Le descendant de Brockhaus, l'Allemand qui possédait ce manuscrit, est présent,
les cameramen et les photographes sont tous là au-dessus du manuscrit, je suis
obligé de leur faire remarquer qu'ils sont en train de filmer un manuscrit
écrit en français, ce qui n'a pas l'air de les intéresser outre mesure. On a
d'un côté le manuscrit, et de l'autre il y a le chèque du mécène anonyme, sept
millions et demi d'euros sur la table. Le ministre de la Culture, voyant que je
suis là, saisi d'une hallucination charmante, dit : de même qu'il y a ici le
petit-fils de Brockhaus, il y a aussi le petit-fils du petit-fils de Casanova.

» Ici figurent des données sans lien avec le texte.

definition pd :: "'c \<Rightarrow> (('c \<Rightarrow> real) \<Rightarrow> real) \<Rightarrow> ('c \<Rightarrow> real) \<Rightarrow> real" where
  "pd x f p = deriv (\<lambda>t. f (p(x := t))) (p x)"

fun ipd :: "'c list \<Rightarrow> (('c \<Rightarrow> real) \<Rightarrow> real) \<Rightarrow> ('c \<Rightarrow> real) \<Rightarrow> real" where
  "ipd [] f = f"
| "ipd (x # xs) f = pd x (ipd xs f)"

definition smooth_on :: "'c set \<Rightarrow> ('c \<Rightarrow> real) set \<Rightarrow> (('c \<Rightarrow> real) \<Rightarrow> real) \<Rightarrow> bool" where
  "smooth_on V S f \<longleftrightarrow>
     (\<forall>xs. set xs \<subseteq> V \<longrightarrow> continuous_on S (ipd xs f) \<and>
        (\<forall>x\<in>V. \<forall>p\<in>S. (\<lambda>t. ipd xs f (p(x := t))) differentiable (at (p x))))"

(* smooth function of (lambda, mu) on R^2 (coordinates: True = lambda, False = mu) *)
definition smooth2 :: "(real \<Rightarrow> real \<Rightarrow> real) \<Rightarrow> bool" where
  "smooth2 g \<longleftrightarrow> smooth_on (UNIV :: bool set) UNIV (\<lambda>p. g (p True) (p False))"

type_synonym vfield = "coord \<Rightarrow> point \<Rightarrow> real"
type_synonym bivector = "coord \<Rightarrow> coord \<Rightarrow> point \<Rightarrow> real"

definition basis :: "coord \<Rightarrow> vfield" where
  "basis x = (\<lambda>y p. if y = x then 1 else 0)"

definition wedge :: "vfield \<Rightarrow> vfield \<Rightarrow> bivector" where
  "wedge u v = (\<lambda>x y p. u x p * v y p - u y p * v x p)"

definition contr :: "coord set \<Rightarrow> bivector \<Rightarrow> (point \<Rightarrow> real) \<Rightarrow> vfield" where
  "contr V P f = (\<lambda>x p. \<Sum>y\<in>V. P x y p * pd y f p)"

definition psi :: "nat \<Rightarrow> nat \<Rightarrow> (nat \<Rightarrow> real) \<Rightarrow> (nat \<Rightarrow> real) \<Rightarrow> real \<Rightarrow> real" where
  "psi nk \<alpha> c a l = (\<Sum>j=1..\<alpha>. c j * l ^ (nk - 1 + j)) + (\<Sum>i=1..nk. a i * l ^ (nk - i))"

definition pi0 :: "nat \<Rightarrow> bivector" where
  "pi0 n = (\<lambda>x y p. \<Sum>i=1..n. wedge (basis (Lam i)) (basis (Mu i)) x y p)"

definition Xf :: "coord set \<Rightarrow> nat \<Rightarrow> (nat \<Rightarrow> nat \<Rightarrow> point \<Rightarrow> real) \<Rightarrow> nat \<Rightarrow> nat \<Rightarrow> vfield" where
  "Xf V n h k i = contr V (pi0 n) (h k i)"

definition pis :: "coord set \<Rightarrow> nat \<Rightarrow> nat \<Rightarrow> (nat \<Rightarrow> nat \<Rightarrow> point \<Rightarrow> real) \<Rightarrow> nat \<Rightarrow> bivector" where
  "pis V n m h s = (\<lambda>x y p.
      (\<Sum>i=1..n. (p (Lam i)) ^ s * wedge (basis (Lam i)) (basis (Mu i)) x y p)
    + (\<Sum>k=1..m. \<Sum>j=1..s. wedge (Xf V n h k j) (basis (Cc k (s - j + 1))) x y p))"
(* Let $\mathcal{G}$ be a directed graph without self-loops, with vertices $v_1,\dots,v_k$ and edges $e_1,\dots,e_\ell$, and let $A_1,\dots,A_k$ be real $n\times n$ matrices. Suppose there exist invertible matrices $P_1,\dots,P_k$ and Jordan matrices $J_1,\dots,J_k$ with $A_i=P_iJ_iP_i^{-1}$ a Jordan decomposition of $A_i$ for $i=1,\dots,k$, such that for each edge $(r,s)\in\mathcal{E}(\mathcal{G})$ there exists $\eta_{(r,s)}>0$ with $$\Vert P_{(r,s)}e^{\eta_{(r,s)}J_r}\Vert<1,\qquad P_{(r,s)}:=P_s^{-1}P_r.$$ Then there exist open intervals $I_1,\dots,I_\ell\subseteq(0,\infty)$, with $\eta_{(r,s)}\in I_i$ whenever $e_i=(r,s)$, such that the switched system $x'(t)=A_{\sigma(t)}x(t)$, $t\geq 0$, is globally exponentially stable for every switching signal $\sigma\in\mathcal{S}_\mathcal{G}(I_1,\dots,I_\ell)$ that has infinitely many switching times $t_n$ with $t_n\to\infty$.
   Context: $\mathcal{E}(\mathcal{G})$ is the set of ordered pairs $(i,j)$ such that there is an edge from $v_i$ to $v_j$. A $\mathcal{G}$-admissible signal is a piecewise constant right-continuous function $\sigma:[0,\infty)\to\{1,\dots,k\}$ with discontinuities (switching times) $0=t_0<t_1<t_2<\cdots$ such that, writing $\sigma_i$ for the value of $\sigma$ on $[t_{i-1},t_i)$, we have $(\sigma_i,\sigma_{i+1})\in\mathcal{E}(\mathcal{G})$ for all $i\geq1$; the set of such signals is $\mathcal{S}_\mathcal{G}$. The time spent on the edge $(\sigma_i,\sigma_{i+1})$ at the $i$-th switch is $t_i-t_{i-1}$ (the time spent in subsystem $\sigma_i$ before switching to $\sigma_{i+1}$). For open intervals $I_1,\dots,I_\ell\subseteq(0,\infty)$, $\mathcal{S}_\mathcal{G}(I_1,\dots,I_\ell)$ is the set of $\sigma\in\mathcal{S}_\mathcal{G}$ such that every time spent on edge $e_i$ lies in $I_i$, for each $i$. $\Vert\cdot\Vert$ is the spectral norm. The switched system is globally exponentially stable if there exist $\alpha,\beta>0$ such that every solution satisfies $\Vert x(t)\Vert\leq\alpha e^{-\beta t}\Vert x(0)\Vert$ for all $t\geq0$. *)

theory Defs
  imports "HOL-Analysis.Analysis"
begin

primrec mat_pow :: "'a::semiring_1^'n^'n \<Rightarrow> nat \<Rightarrow> 'a^'n^'n" where
  "mat_pow M 0 = mat 1"
| "mat_pow M (Suc k) = M ** mat_pow M k"

definition mat_exp :: "complex^'n^'n \<Rightarrow> complex^'n^'n" where
  "mat_exp M = (\<Sum>k. (1 / fact k) *\<^sub>R mat_pow M k)"

definition spec_norm :: "complex^'n^'m \<Rightarrow> real" where
  "spec_norm M = onorm (\<lambda>x::complex^'n. M *v x)"

definition cmat :: "real^'n^'m \<Rightarrow> complex^'n^'m" where
  "cmat A = (\<chi> i j. complex_of_real (A $ i $ j))"

definition next_idx :: "'n::linorder \<Rightarrow> 'n \<Rightarrow> bool" where
  "next_idx i j \<longleftrightarrow> i < j \<and> \<not> (\<exists>m. i < m \<and> m < j)"

text \<open>Jordan matrix: block diagonal with Jordan blocks, i.e. all entries vanish
  except the diagonal and the superdiagonal; superdiagonal entries are 0 or 1,
  and a superdiagonal 1 only occurs inside a block (equal diagonal entries).\<close>
definition jordan_matrix :: "complex^('n::{finite,linorder})^('n::{finite,linorder}) \<Rightarrow> bool" where
  "jordan_matrix J \<longleftrightarrow>
     (\<forall>i j. i \<noteq> j \<and> \<not> next_idx i j \<longrightarrow> J $ i $ j = 0) \<and>
     (\<forall>i j. next_idx i j \<longrightarrow> (J $ i $ j = 0 \<or> J $ i $ j = 1)) \<and>
     (\<forall>i j. next_idx i j \<and> J $ i $ j = 1 \<longrightarrow> J $ i $ i = J $ j $ j)"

Le soir, il y a un dîner, où je suis invité, c'est là que se présente à moi le
double, en quelque sorte, de ma sœur Anne. Cette femme est évidemment plus
jeune mais c'est quand même une étrange transfusion d'identité. Je lui dis
qu'elle ressemble à ma sœur. — Ah bon, vous avez une sœur ? — Elle
vient de mourir. Et là, le déclic. Je veux dire que vous avez à la fois la
mort, c'est-à-dire un certain noir, et immédiatement l'accrochage de ce qu'on
appelle habituellement le coup de foudre et que je préfère appeler le coup de
nuit. Le coup de nuit va beaucoup plus loin que le coup de foudre. Le coup de
foudre fait des étincelles mais il peut aussi se désagréger en laissant dans
l'atmosphère de pénibles résidus. Le coup de nuit, en revanche, engage à
quelque chose de beaucoup plus profond qui entraîne la mise en place d'un
dispositif clandestin en plein Paris. Où peut-on trouver un exemple de ce coup
de nuit pour tenter de le faire sentir à travers la vie elle-même ?

Il se trouve que se
présentent alors à moi deux peintres. Pas un hasard. Je comprends vite que ces
deux-là ont vécu cette chose, et que si l'un s'est intéressé à l'autre, à
savoir Picasso à Manet, c'est en toute logique. Dès ce moment, il faut se
plonger dans les biographies et dans les œuvres pour voir de quoi il retourne.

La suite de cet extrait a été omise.